Заметка Лукача о «Бессмертии» называется «Эммануил Левин», по имени главного героя рассказа, и это не случайно. Развивая в 1930-е годы свою теорию (социалистического) реализма, Лукач помещает в ее центр понятие «типического персонажа», функция которого заключается в том, чтобы дать «чувственное, осязаемое» выражение «большим историческим течениям».

Вернемся к Левину. Начальник станции ассоциирует себя с переходной эпохой, предполагая, что в грядущем социалистическом обществе не будет места таким людям, как он:

«Левин согнувшись шел по путям в дальний парк прибытия. „Нельзя ли систе­му предварительной информации начинать в месте формирования поездов?“ — подумал он и улыбнулся. Как странно, он привык страстно размышлять лишь о своей работе. Какой он скучный человек! Разве может с ним интересно жить ка­кой-нибудь другой человек? Едва ли!.. Сколько еще осталось жизни? Ну, лет двад­цать, нет — меньше, надо прожить скорее; ведь неудобно будет в светлом мире, в блестящем обществе существовать такой архаической фигуре: оборот вагона, сни­жение нормы простоя, коммерческая скорость, график...

— Нет! — вслух засмеялся одинокий начальник станции. — Таких чертей там не будет: вымрут! Или останутся где-нибудь на пенсии, сидеть на завалинке и бу­дут рассказывать, как слепые деды...»

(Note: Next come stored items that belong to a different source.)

theorem separation_closed_convex:
  fixes C :: "'b::{real_vector, t2_space} set"
  assumes lcs: "locally_convex_space TYPE('b)" and C: "closed C" "convex C" and p: "p \<notin> C"
  obtains f \<gamma> where "f \<in> topdual" "\<And>c. c \<in> C \<Longrightarrow> f c \<le> \<gamma>" "\<gamma> < f p"
proof (cases "C = {}")
  case True
  then show ?thesis by (intro that[of "\<lambda>x. 0" "-1"]) (auto simp: topdual_def linear_zero)
next
  case False
  then obtain c0 where c0: "c0 \<in> C" by blast
  txt \<open>An open convex neighbourhood V of 0 with p - V disjoint from C.\<close>
  have "open ((\<lambda>x. p + (-1) *\<^sub>R x) -` (- C))"
    using C(1) by (intro open_vimage continuous_affine[OF lcs]) auto
  moreover have "0 \<in> (\<lambda>x. p + (-1) *\<^sub>R x) -` (- C)" using p by simp
  ultimately obtain V where V: "open V" "convex V" "0 \<in> V"
    and V_sub: "V \<subseteq> (\<lambda>x. p + (-1) *\<^sub>R x) -` (- C)"
    using lcs_convex_nbhd[OF lcs] by blast
  then have missV: "p - v \<notin> C" if "v \<in> V" for v using that by auto
  txt \<open>D = (C - c0) + V is an open convex neighbourhood of 0 not containing p - c0.\<close>
  define D where "D = (\<Union>c\<in>C. (\<lambda>v. (c - c0) + 1 *\<^sub>R v) ` V)"
  have D_eq: "D = (\<Union>c\<in>(\<lambda>c. c - c0) ` C. \<Union>v\<in>V. {c + v})" by (auto simp: D_def)
  have "open D" unfolding D_def by (intro open_UN ballI open_affine_image[OF lcs V(1)]) simp
  moreover have "convex D" unfolding D_eq using C(2) V(2) by (intro convex_sums convex_translation_subtract)
  moreover have "0 \<in> D" using c0 V(3) by (force simp: D_def)
  moreover have "p - c0 \<notin> D" using missV by (force simp: D_def)
  ultimately obtain f where f: "f \<in> topdual" "f (p - c0) = 1" and less: "\<And>x. x \<in> D \<Longrightarrow> f x < 1"
    using separating_functional_open_convex[OF lcs] by blast
  have lin: "linear f" using f(1) by (simp add: topdual_def)
  txt \<open>Pushing C slightly towards p stays inside D, which gives a strict gap.\<close>
  obtain \<delta> where \<delta>: "\<delta> > 0" "\<And>t. \<bar>t\<bar> < \<delta> \<Longrightarrow> t *\<^sub>R (p - c0) \<in> V"
    using open_line_nbhd[OF lcs V(1), of 0 "p - c0"] V(3) by auto
  have "f c \<le> f p - \<delta> / 2" if "c \<in> C" for c
  proof -
    have "(\<delta> / 2) *\<^sub>R (p - c0) \<in> V" using \<delta> by simp
    then have "(c - c0) + 1 *\<^sub>R ((\<delta> / 2) *\<^sub>R (p - c0)) \<in> D" unfolding D_def using that by blast
    then have "f (c - c0) + \<delta> / 2 < 1" using less[of "(c - c0) + 1 *\<^sub>R ((\<delta> / 2) *\<^sub>R (p - c0))"] f(2) lin
      by (simp add: linear_add linear_scale)
    then show ?thesis using f(2) lin by (simp add: linear_diff)
  qed
  then show ?thesis using f(1) \<delta>(1) by (intro that[of f "f p - \<delta> / 2"]) auto
qed

lemma lcs_prod:
  assumes lcs: "locally_convex_space TYPE('a::{real_vector, t2_space})"
  shows "locally_convex_space TYPE('a \<times> real)"
  unfolding locally_convex_space_def
proof (intro conjI allI impI)
  have add_eq: "(\<lambda>p::('a \<times> real) \<times> ('a \<times> real). fst p + snd p) =
    (\<lambda>p. ((\<lambda>q::'a \<times> 'a. fst q + snd q) (fst (fst p), fst (snd p)), snd (fst p) + snd (snd p)))"
    by (auto simp: fun_eq_iff)
  show "continuous_on UNIV (\<lambda>p::('a \<times> real) \<times> ('a \<times> real). fst p + snd p)"
    unfolding add_eq
    by (intro continuous_on_Pair continuous_on_compose2[OF lcs_add[OF lcs]]) (auto intro!: continuous_intros)
  have scale_eq: "(\<lambda>p::real \<times> ('a \<times> real). fst p *\<^sub>R snd p) =
    (\<lambda>p. ((\<lambda>q::real \<times> 'a. fst q *\<^sub>R snd q) (fst p, fst (snd p)), fst p * snd (snd p)))"
    by (auto simp: fun_eq_iff)
  show "continuous_on UNIV (\<lambda>p::real \<times> ('a \<times> real). fst p *\<^sub>R snd p)"
    unfolding scale_eq
    by (intro continuous_on_Pair continuous_on_compose2[OF lcs_scale[OF lcs]]) (auto intro!: continuous_intros)
next
  fix U :: "('a \<times> real) set"
  assume "open U \<and> 0 \<in> U"
  then obtain A B where AB: "open A" "open B" "(0::'a, 0::real) \<in> A \<times> B" "A \<times> B \<subseteq> U"
    by (metis open_prod_elim zero_prod_def)
  obtain V where V: "open V" "convex V" "0 \<in> V" "V \<subseteq> A" using lcs_convex_nbhd[OF lcs AB(1)] AB(3) by auto
  obtain e where e: "e > 0" "ball (0::real) e \<subseteq> B" using AB(2,3) open_contains_ball by force
  show "\<exists>W. open W \<and> convex W \<and> 0 \<in> W \<and> W \<subseteq> U"
  proof (intro exI[of _ "V \<times> ball (0::real) e"] conjI)
    show "open (V \<times> ball (0::real) e)" using V(1) by (intro open_Times) auto
    show "convex (V \<times> ball (0::real) e)" using V(2) by (intro convex_Times convex_ball)
    show "0 \<in> V \<times> ball (0::real) e" using V(3) e(1) by (simp add: zero_prod_def)
    show "V \<times> ball (0::real) e \<subseteq> U" using V(4) e(2) AB(4) by auto
  qed
qed

lemma topdual_prod_split:
  fixes F :: "'a::{real_vector, topological_space} \<times> real \<Rightarrow> real"
  assumes F: "F \<in> topdual"
  shows "(\<lambda>x. F (x, 0)) \<in> topdual" and "F (x, r) = F (x, 0) + r * F (0, 1)"
proof -
  have lin: "linear F" and cont: "continuous_on UNIV F" using F by (auto simp: topdual_def)
  have "linear (\<lambda>x. F (x, 0))"
  proof (rule linearI)
    show "F (x + y, 0) = F (x, 0) + F (y, 0)" for x y
      using linear_add[OF lin, of "(x, 0)" "(y, 0)"] by simp
    show "F (c *\<^sub>R x, 0) = c *\<^sub>R F (x, 0)" for c x
      using linear_scale[OF lin, of c "(x, 0)"] by simp
  qed
  moreover have "continuous_on UNIV (\<lambda>x. F (x, 0))"
    by (intro continuous_on_compose2[OF cont]) (auto intro!: continuous_intros)
  ultimately show "(\<lambda>x. F (x, 0)) \<in> topdual" by (simp add: topdual_def)
  have "F ((x, 0) + r *\<^sub>R (0, 1)) = F (x, 0) + r * F (0, 1)"
    using linear_add[OF lin] linear_scale[OF lin] by (simp only: real_scaleR_def)
  then show "F (x, r) = F (x, 0) + r * F (0, 1)" by simp
qed

lemma topdual_scale: "f \<in> topdual \<Longrightarrow> (\<lambda>x. c * f x) \<in> topdual"
  unfolding topdual_def by (auto intro!: continuous_intros simp: linear_iff algebra_simps)

text \<open>The Fenchel--Young inequality \<xi>_r(x) \<le> g(x) +\<triangle> g*(\<xi>, r) gives g** \<le> g.\<close>
lemma biconj_tri_le: "biconj_tri g x \<le> g x"
  unfolding biconj_tri_def
proof (rule SUP_least)
  fix p :: "'a dualpt \<times> real"
  obtain \<xi> r where p: "p = (\<xi>, r)" by fastforce
  have "inf_diff (xi_r \<xi> r x) (g x) \<le> conj_tri g \<xi> r"
    unfolding conj_tri_def by (rule SUP_upper) simp
  then have "xi_r \<xi> r x \<le> inf_add (conj_tri g \<xi> r) (g x)"
    by (simp add: inf_diff_le_iff inf_add_commute)
  then show "inf_diff (xi_r (fst p) (snd p) x) (conj_tri g (fst p) (snd p)) \<le> g x"
    using p by (simp add: inf_diff_le_iff)
qed

text \<open>A continuous affine minorant x* - \<gamma> of g stays below g**: here g*(x*, \<gamma>) \<le> 0.\<close>
lemma affine_minorant_le_biconj_tri:
  assumes f: "f \<in> topdual" and minorant: "\<And>x. ereal (f x - \<gamma>) \<le> g x"
  shows "ereal (f x0 - \<gamma>) \<le> biconj_tri g x0"
proof -
  have conj: "conj_tri g (Lin f) \<gamma> \<le> 0"
    unfolding conj_tri_def
  proof (rule SUP_least)
    fix x
    have "ereal (f x - \<gamma>) \<le> inf_add (g x) 0" using minorant[of x] by (simp add: inf_add_eq)
    then show "inf_diff (xi_r (Lin f) \<gamma> x) (g x) \<le> 0" by (simp add: inf_diff_le_iff)
  qed
  have "ereal (f x0 - \<gamma>) = inf_diff (ereal (f x0 - \<gamma>)) 0" by (simp add: inf_diff_eq)
  also have "\<dots> \<le> inf_diff (xi_r (Lin f) \<gamma> x0) (conj_tri g (Lin f) \<gamma>)"
    using conj by (simp add: inf_diff_antimono)
  also have "\<dots> \<le> biconj_tri g x0"
    unfolding biconj_tri_def using f by (intro SUP_upper2[of "(Lin f, \<gamma>)"]) (auto simp: Xtri_def)
  finally show ?thesis .
qed

text \<open>If a continuous x* is \<le> \<gamma> on the effective domain of g but x*(x0) > \<gamma>, then
  g*(hat x*, \<gamma>) = -\<infinity>, and the hat functional forces g**(x0) = \<infinity>.\<close>
lemma biconj_tri_infinite:
  assumes f: "f \<in> topdual" and dom: "\<And>x. g x < \<infinity> \<Longrightarrow> f x \<le> \<gamma>" and x0: "\<gamma> < f x0"
  shows "biconj_tri g x0 = \<infinity>"
proof -
  have "inf_diff (xi_r (Hat f) \<gamma> x) (g x) = -\<infinity>" for x
    using dom[of x] by (cases "g x") (auto simp: inf_diff_eq)
  then have conj: "conj_tri g (Hat f) \<gamma> = -\<infinity>" by (simp add: conj_tri_def)
  have "\<infinity> = inf_diff (xi_r (Hat f) \<gamma> x0) (conj_tri g (Hat f) \<gamma>)"
    using x0 conj by (simp add: inf_diff_eq)
  also have "\<dots> \<le> biconj_tri g x0"
    unfolding biconj_tri_def using f by (intro SUP_upper2[of "(Hat f, \<gamma>)"]) (auto simp: Xtri_def)
  finally show ?thesis by (simp add: top_unique[where 'a=ereal, unfolded top_ereal_def])
qed

lemma convex_epi:
  assumes "convex_tri g" shows "convex (epi g)"
proof (rule convexI)
  fix p q :: "'a \<times> real" and u v :: real
  assume p: "p \<in> epi g" and q: "q \<in> epi g" and uv: "0 \<le> u" "0 \<le> v" "u + v = 1"
  obtain x1 r1 x2 r2 where pq: "p = (x1, r1)" "q = (x2, r2)" by fastforce
  have g1: "g x1 \<le> ereal r1" and g2: "g x2 \<le> ereal r2" using p q pq by (auto simp: epi_def)
  have "g (u *\<^sub>R x1 + v *\<^sub>R x2) \<le> ereal (u * r1 + v * r2)"
  proof (cases "u = 0 \<or> u = 1")
    case True
    then show ?thesis using uv g1 g2 by auto
  next
    case False
    then have u: "0 < u" "u < 1" and v: "v = 1 - u" using uv by auto
    have "g (u *\<^sub>R x1 + v *\<^sub>R x2) \<le> inf_add (ereal u * g x1) (ereal (1 - u) * g x2)"
      using assms u v unfolding convex_tri_def by blast
    also have "\<dots> \<le> inf_add (ereal u * ereal r1) (ereal (1 - u) * ereal r2)"
      using u g1 g2 by (intro inf_add_mono ereal_mult_left_mono) auto
    also have "\<dots> = ereal (u * r1 + v * r2)" using v by (simp add: inf_add_eq)
    finally show ?thesis .
  qed
  then show "u *\<^sub>R p + v *\<^sub>R q \<in> epi g" using pq by (simp add: epi_def)
qed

Иначе говоря, Левин считает себя посредником между прошлым и будущим. Этим же словом — посредник — можно описать его функцию в рассказе.

К начальнику станции постоянно приходят подчиненные с самыми разными просьбами. Кому-то нужно помочь с разведением кур, кому-то — устроить жену в местную газету. Левин внимательно выслушивает каждого просителя и решает, кому помочь, а кому отказать. При этом он исходит не из личных представлений о правильном, а из тех задач, что стоят перед «строителями социализма».

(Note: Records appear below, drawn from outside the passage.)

(* Every closed convex set $C\subseteq\mathbb{R}^n$ is $K$-outward minimizing in the ball $B(0,R)$ for every $R>0$.
   Context: Standing assumption: $K:\mathbb{R}^n\setminus\{0\}\to[0,+\infty)$ is measurable, $\min\{1,|x|\}K(x)\in L^1(\mathbb{R}^n)$ and $K(x)=K(-x)$. For measurable $E$ and open $\Omega$, $\mathrm{Per}_K(E,\Omega)=\int_E\int_{\Omega\setminus E}K(x-y)\,dx\,dy+\int_{E\cap\Omega}\int_{\mathbb{R}^n\setminus(\Omega\cup E)}K(x-y)\,dx\,dy$. $A\subset\subset\Omega$ means the closure of $A$ is a compact subset of $\Omega$. A set $E$ is $K$-outward minimizing in $\Omega$ if $\mathrm{Per}_K(E,\Omega)\le\mathrm{Per}_K(F,\Omega)$ for every measurable $F\supseteq E$ with $F\setminus E\subset\subset\Omega$. (It is known, and may be used, that half-spaces $\{x\cdot\nu\ge0\}$ are local minimizers of $\mathrm{Per}_K(\cdot,B(0,R))$ for every $R>0$.) *)

theory Defs
  imports "HOL-Analysis.Analysis"
begin

definition admissible_kernel :: "('a::euclidean_space \<Rightarrow> real) \<Rightarrow> bool" where
  "admissible_kernel K \<longleftrightarrow>
     K \<in> borel_measurable lebesgue \<and>
     (\<forall>x. x \<noteq> 0 \<longrightarrow> K x \<ge> 0) \<and>
     integrable lebesgue (\<lambda>x. min 1 (norm x) * K x) \<and>
     (\<forall>x. x \<noteq> 0 \<longrightarrow> K (-x) = K x)"

definition perK :: "('a::euclidean_space \<Rightarrow> real) \<Rightarrow> 'a set \<Rightarrow> 'a set \<Rightarrow> ennreal" where
  "perK K E \<Omega> =
     (\<integral>\<^sup>+ x. indicator E x * (\<integral>\<^sup>+ y. indicator (\<Omega> - E) y * ennreal (K (x - y)) \<partial>lebesgue) \<partial>lebesgue)
   + (\<integral>\<^sup>+ x. indicator (E \<inter> \<Omega>) x *
        (\<integral>\<^sup>+ y. indicator (UNIV - (\<Omega> \<union> E)) y * ennreal (K (x - y)) \<partial>lebesgue) \<partial>lebesgue)"

definition compactly_contained :: "'a::euclidean_space set \<Rightarrow> 'a set \<Rightarrow> bool" where
  "compactly_contained A \<Omega> \<longleftrightarrow> compact (closure A) \<and> closure A \<subseteq> \<Omega>"

definition outward_minimizing :: "('a::euclidean_space \<Rightarrow> real) \<Rightarrow> 'a set \<Rightarrow> 'a set \<Rightarrow> bool" where
  "outward_minimizing K E \<Omega> \<longleftrightarrow>
     (\<forall>F. F \<in> sets lebesgue \<and> E \<subseteq> F \<and> compactly_contained (F - E) \<Omega> \<longrightarrow>
          perK K E \<Omega> \<le> perK K F \<Omega>)"

end

theory Submission
  imports Defs
begin

text \<open>By Fubini, \<open>Per\<^sub>K(E, \<Omega>) = \<integral> K(z) (|E \<inter> ((\<Omega> - E) + z)| + |E \<inter> \<Omega> \<inter> ((\<Omega> \<union> E)\<^sup>c + z)|) dz\<close>,
  so the perimeters of \<open>C\<close> and \<open>F = C \<union> A\<close> (with \<open>A \<subseteq> \<Omega>\<close> bounded and disjoint from \<open>C\<close>)
  can be compared for each fixed \<open>z\<close>. The difference of the integrands is
  \<open>|A \<inter> (F\<^sup>c + z)| - |C \<inter> (A + z)|\<close>, and it is nonnegative for convex \<open>C\<close>: from a point
  \<open>x \<in> C \<inter> (A + z)\<close> follow the chain \<open>x - z, x - 2z, \<dots>\<close>, which leaves the bounded set \<open>A\<close>.
  Its last point \<open>a\<close> in \<open>A\<close> has \<open>a - z \<notin> A\<close>, and \<open>a - z \<notin> C\<close> because otherwise \<open>x - z\<close>, lying
  between \<open>x\<close> and \<open>a - z\<close>, would be in \<open>C\<close>. The map \<open>x \<mapsto> a\<close> is injective and a translation on
  each piece of a countable partition, hence measure preserving.\<close>

definition overlap :: "'a::euclidean_space set \<Rightarrow> 'a set \<Rightarrow> 'a \<Rightarrow> ennreal" where
  "overlap X Y z = emeasure lborel (X \<inter> {x. x - z \<in> Y})"

lemma eventually_translates_leave_bounded:
  fixes x z :: "'a::real_normed_vector"
  assumes "bounded A" and "z \<noteq> 0"
  shows "eventually (\<lambda>n. x - real n *\<^sub>R z \<notin> A) sequentially"
proof -
  obtain B where B: "\<And>a. a \<in> A \<Longrightarrow> norm a \<le> B"
    using assms(1) bounded_iff by blast
  obtain N :: nat where N: "real N > (B + norm x) / norm z"
    using reals_Archimedean2 by blast
  have "x - real n *\<^sub>R z \<notin> A" if "n \<ge> N" for n
  proof
    assume "x - real n *\<^sub>R z \<in> A"
    then have "real n * norm z \<le> B + norm x"
      using B norm_triangle_ineq2[of "real n *\<^sub>R z" x] by (fastforce simp: norm_minus_commute)
    moreover have "B + norm x < real N * norm z"
      using N assms(2) by (simp add: divide_less_eq)
    moreover have "real N * norm z \<le> real n * norm z"
      using that by (simp add: mult_right_mono)
    ultimately show False by simp
  qed
  then show ?thesis by (rule eventually_sequentiallyI)
qed

lemma translate_chain_exit:
  fixes x z :: "'a::real_normed_vector"
  assumes "bounded A" and "z \<noteq> 0" and "x - z \<in> A"
  obtains n where "\<forall>j\<le>n. x - real (Suc j) *\<^sub>R z \<in> A" and "x - real (n + 2) *\<^sub>R z \<notin> A"
proof -
  obtain N where "\<forall>n\<ge>N. x - real n *\<^sub>R z \<notin> A"
    using eventually_translates_leave_bounded[OF assms(1,2)] unfolding eventually_sequentially by blast
  then have "\<exists>k. x - real (k + 2) *\<^sub>R z \<notin> A" by (metis le_add1)
  then obtain n where n: "x - real (n + 2) *\<^sub>R z \<notin> A" and "\<forall>j<n. x - real (j + 2) *\<^sub>R z \<in> A"
    unfolding exists_least_iff[of "\<lambda>k. x - real (k + 2) *\<^sub>R z \<notin> A"] by blast
  moreover have "\<forall>j\<le>n. x - real (Suc j) *\<^sub>R z \<in> A"
  proof (intro allI impI)
    fix j assume "j \<le> n"
    with assms(3) \<open>\<forall>j<n. _\<close> show "x - real (Suc j) *\<^sub>R z \<in> A"
      by (cases j) (auto simp: add.commute)
  qed
  ultimately show thesis by (intro that)
qed

lemma convex_translate_chain_endpoint:
  fixes C A :: "'a::real_vector set"
  assumes "convex C" and "A \<inter> C = {}" and "x \<in> C"
    and chain: "\<forall>j\<le>n. x - real (Suc j) *\<^sub>R z \<in> A" and exit: "x - real (n + 2) *\<^sub>R z \<notin> A"
  shows "x - real (Suc n) *\<^sub>R z \<in> A" and "x - real (Suc n) *\<^sub>R z - z \<notin> C \<union> A"
proof -
  show "x - real (Suc n) *\<^sub>R z \<in> A" using chain by simp
  have last: "x - real (Suc n) *\<^sub>R z - z = x - real (n + 2) *\<^sub>R z"
    by (simp add: algebra_simps scaleR_2)
  have "x - real (n + 2) *\<^sub>R z \<notin> C"
  proof
    assume "x - real (n + 2) *\<^sub>R z \<in> C"
    define t where "t = 1 / real (n + 2)"
    have "(1 - t) *\<^sub>R x + t *\<^sub>R (x - c *\<^sub>R z) = x - (t * c) *\<^sub>R z" for c
      by (simp add: algebra_simps)
    from this[of "real (n + 2)"] have "x - z = (1 - t) *\<^sub>R x + t *\<^sub>R (x - real (n + 2) *\<^sub>R z)"
      by (simp add: t_def)
    also have "\<dots> \<in> C"
      using \<open>convex C\<close> \<open>x \<in> C\<close> \<open>x - real (n + 2) *\<^sub>R z \<in> C\<close> by (rule convexD) (auto simp: t_def)
    finally have "x - z \<in> C" .
    moreover have "x - z \<in> A" using chain by auto
    ultimately show False using \<open>A \<inter> C = {}\<close> by blast
  qed
  with exit show "x - real (Suc n) *\<^sub>R z - z \<notin> C \<union> A" unfolding last by blast
qed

Так, Левин отчитывает железнодорожного работника Захарченко за аварию на путях и обвиняет его в жадности:

«Ты жаден, Захарченко! Ты живешь за десять километров отсюда и дома с женой горшки делаешь на продажу. Сменишься, приедешь, сразу садишься за гончарный круг. Поспишь потом немного, опять за горшки садишься и кроешь до самого нового дежурства, потом сюда едешь... Сюда ты приезжаешь уже уста­лый, почти больной, тебе спать надо, а ты за поезда берешься».

Можно ожидать, что теперь Левин пригрозит Захарченко самым суровым наказанием, но начальник станции неожиданно берет примирительный тон:

«— Сколько ты с женой выгоняешь рублей из горшков?

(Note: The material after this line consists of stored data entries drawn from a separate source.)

lemma prob_not_in_shadow_pmf:
  assumes fin: "finite E" and e: "e \<in> E"
    and x01: "\<And>f. 0 \<le> x f \<and> x f \<le> 1" and y01: "\<And>f. 0 \<le> y f e \<and> y f e \<le> 1"
  shows "measure_pmf.prob (shadow_pmf E x y) {A. e \<notin> A} = (\<Prod>f\<in>E. 1 - x f * y f e)"
proof -
  define B where "B = Pi_pmf E False (\<lambda>f. bernoulli_pmf (x f))"
  define K where "K S = map_pmf (\<lambda>T. \<Union>f\<in>S. T f) (Pi_pmf S {} (\<lambda>f. rand_subset E (y f)))" for S
  have "shadow_pmf E x y = bind_pmf (rand_subset E x) K"
    unfolding shadow_pmf_def K_def map_pmf_def by simp
  also have "\<dots> = bind_pmf B (\<lambda>b. K {f \<in> E. b f})"
    unfolding rand_subset_def B_def by (simp add: bind_map_pmf)
  finally have "measure_pmf.prob (shadow_pmf E x y) {A. e \<notin> A}
      = pmf (map_pmf (\<lambda>A. e \<in> A) (bind_pmf B (\<lambda>b. K {f \<in> E. b f}))) False"
    by (simp add: pmf_map vimage_def)
  also have "\<dots> = measure_pmf.expectation B (\<lambda>b. \<Prod>f\<in>E. if b f then 1 - y f e else 1)"
  proof -
    have "pmf (map_pmf (\<lambda>A. e \<in> A) (K {f \<in> E. b f})) False = (\<Prod>f\<in>E. if b f then 1 - y f e else 1)"
      for b
    proof -
      have "pmf (map_pmf (\<lambda>A. e \<in> A) (K {f \<in> E. b f})) False = (\<Prod>f\<in>{f \<in> E. b f}. 1 - y f e)"
        using prob_not_in_union_Pi_pmf[of "{f \<in> E. b f}" E e y] fin e y01
        unfolding K_def by (simp add: pmf_map vimage_def)
      also have "\<dots> = (\<Prod>f\<in>E. if b f then 1 - y f e else 1)"
        using fin by (simp add: prod.inter_filter)
      finally show ?thesis .
    qed
    thus ?thesis by (simp add: map_bind_pmf pmf_bind)
  qed
  also have "\<dots> = (\<Prod>f\<in>E. measure_pmf.expectation (bernoulli_pmf (x f)) (\<lambda>v. if v then 1 - y f e else 1))"
    unfolding B_def
    by (rule expectation_prod_Pi_pmf[OF fin, where f = "\<lambda>f v. if v then 1 - y f e else 1"])
       (auto intro: integrable_measure_pmf_finite simp: y01)
  also have "\<dots> = (\<Prod>f\<in>E. 1 - x f * y f e)"
    using x01 by (intro prod.cong refl) (simp add: algebra_simps)
  finally show ?thesis .
qed

lemma prob_in_shadow_pmf_bounds:
  assumes "finite E" "e \<in> E" "y e e = 1"
    and x01: "\<And>f. 0 \<le> x f \<and> x f \<le> 1" and y01: "\<And>f. 0 \<le> y f e \<and> y f e \<le> 1"
  shows "x e \<le> measure_pmf.prob (shadow_pmf E x y) {A. e \<in> A}"
    and "measure_pmf.prob (shadow_pmf E x y) {A. e \<in> A} \<le> (\<Sum>f\<in>E. x f * y f e)"
proof -
  have "measure_pmf.prob (shadow_pmf E x y) {A. e \<in> A}
      = 1 - measure_pmf.prob (shadow_pmf E x y) {A. e \<notin> A}"
    using measure_pmf.prob_compl[of "{A. e \<notin> A}" "shadow_pmf E x y"]
    by (simp add: Compl_eq_Diff_UNIV[symmetric] Collect_neg_eq[symmetric])
  also have "\<dots> = 1 - (\<Prod>f\<in>E. 1 - x f * y f e)"
    using assms by (simp add: prob_not_in_shadow_pmf)
  finally have prob_in: "measure_pmf.prob (shadow_pmf E x y) {A. e \<in> A} = \<dots>" .
  have c01: "0 \<le> x f * y f e \<and> x f * y f e \<le> 1" for f
    using x01[of f] y01[of f] by (simp add: mult_le_one)
  show "x e \<le> measure_pmf.prob (shadow_pmf E x y) {A. e \<in> A}"
    using le_one_minus_prod_one_minus[of E e "\<lambda>f. x f * y f e"] assms(1-3) c01
    unfolding prob_in by simp
  show "measure_pmf.prob (shadow_pmf E x y) {A. e \<in> A} \<le> (\<Sum>f\<in>E. x f * y f e)"
    using one_minus_prod_one_minus_le_sum[of E "\<lambda>f. x f * y f e"] c01
    unfolding prob_in by simp
qed

section \<open>The depth-3 instance\<close>

lemma finite_edges3: "finite (edges3 m k)"
proof -
  have "edges3 m k \<subseteq> ({0, 1, 2} \<times> Pow {1..m}) \<times> ({1, 2, 3} \<times> Pow {1..m})"
    unfolding edges3_def by auto
  thus ?thesis
    by (rule finite_subset) auto
qed

lemma rtrancl_edges3_layer:
  assumes "(u, v) \<in> (edges3 m k)\<^sup>*"
  shows "u = v \<or> fst u < fst v \<and> (fst u = 1 \<longrightarrow> fst v = 2 \<longrightarrow> snd u \<subseteq> snd v)"
  using assms
proof (induction rule: rtrancl_induct)
  case (step w v)
  have "fst v = Suc (fst w) \<and> (fst w = 1 \<longrightarrow> snd w \<subseteq> snd v)"
    using step.hyps(2) unfolding edges3_def by auto
  with step.IH show ?case
    by auto
qed simp

lemma head_layer_edges3: "f \<in> edges3 m k \<Longrightarrow> fst (snd f) \<ge> 1"
  unfolding edges3_def by auto

lemma xsol_bounds: "0 \<le> xsol m k f \<and> xsol m k f \<le> 1"
  using divide_of_nat_bounds[of 1 "(m - k choose k) * (2 * k choose k)"]
    divide_of_nat_bounds[of 1 "m - k choose k"]
  unfolding xsol_def by auto

lemma xsub_bounds: "0 \<le> xsub m k f e \<and> xsub m k f e \<le> 1"
proof -
  define q where "q = real (m - k choose k) / real (m choose k)"
  have "real (m - k choose k) \<le> real (m choose k)"
    using binomial_mono_upper[of "m - k" m k] by simp
  hence "0 \<le> q" "q \<le> 1"
    unfolding q_def by (cases "m choose k = 0"; simp add: divide_le_eq_1)+
  thus ?thesis
    using divide_of_nat_bounds[of q] divide_of_nat_bounds[of 1 "2 * k choose k"]
    unfolding xsub_def q_def[symmetric] by auto
qed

— Да рублей шестьсот, более никак не выходят, — кротко ответил Захарченко.

— Врешь, больше зарабатываешь, — сказал Левин. — Но это мало на двоих. Я те­бя научу, как можно зарабатывать больше: горшки нам нужны, горшков не хватает на Украине. Ты зайди ко мне после смены, я тебе составлю график: когда тебе спать нужно, когда горшки тачать, когда сюда ехать. Ты будешь приезжать к нам свежим, и происшествий у тебя не станет, а горшков успеешь сделать больше».

Вместо того чтобы наказать Захарченко, Левин решает помочь ему более эффективно организовать его кустарное производство. Сочувствие и снисходительное отношение к человеческим слабостям тут ни при чем (до этого Левин пригрозил другому провинившемуся подчиненному исключением из партии), просто начальник станции понимает, что горшки сейчас нужны не меньше, чем железные дороги.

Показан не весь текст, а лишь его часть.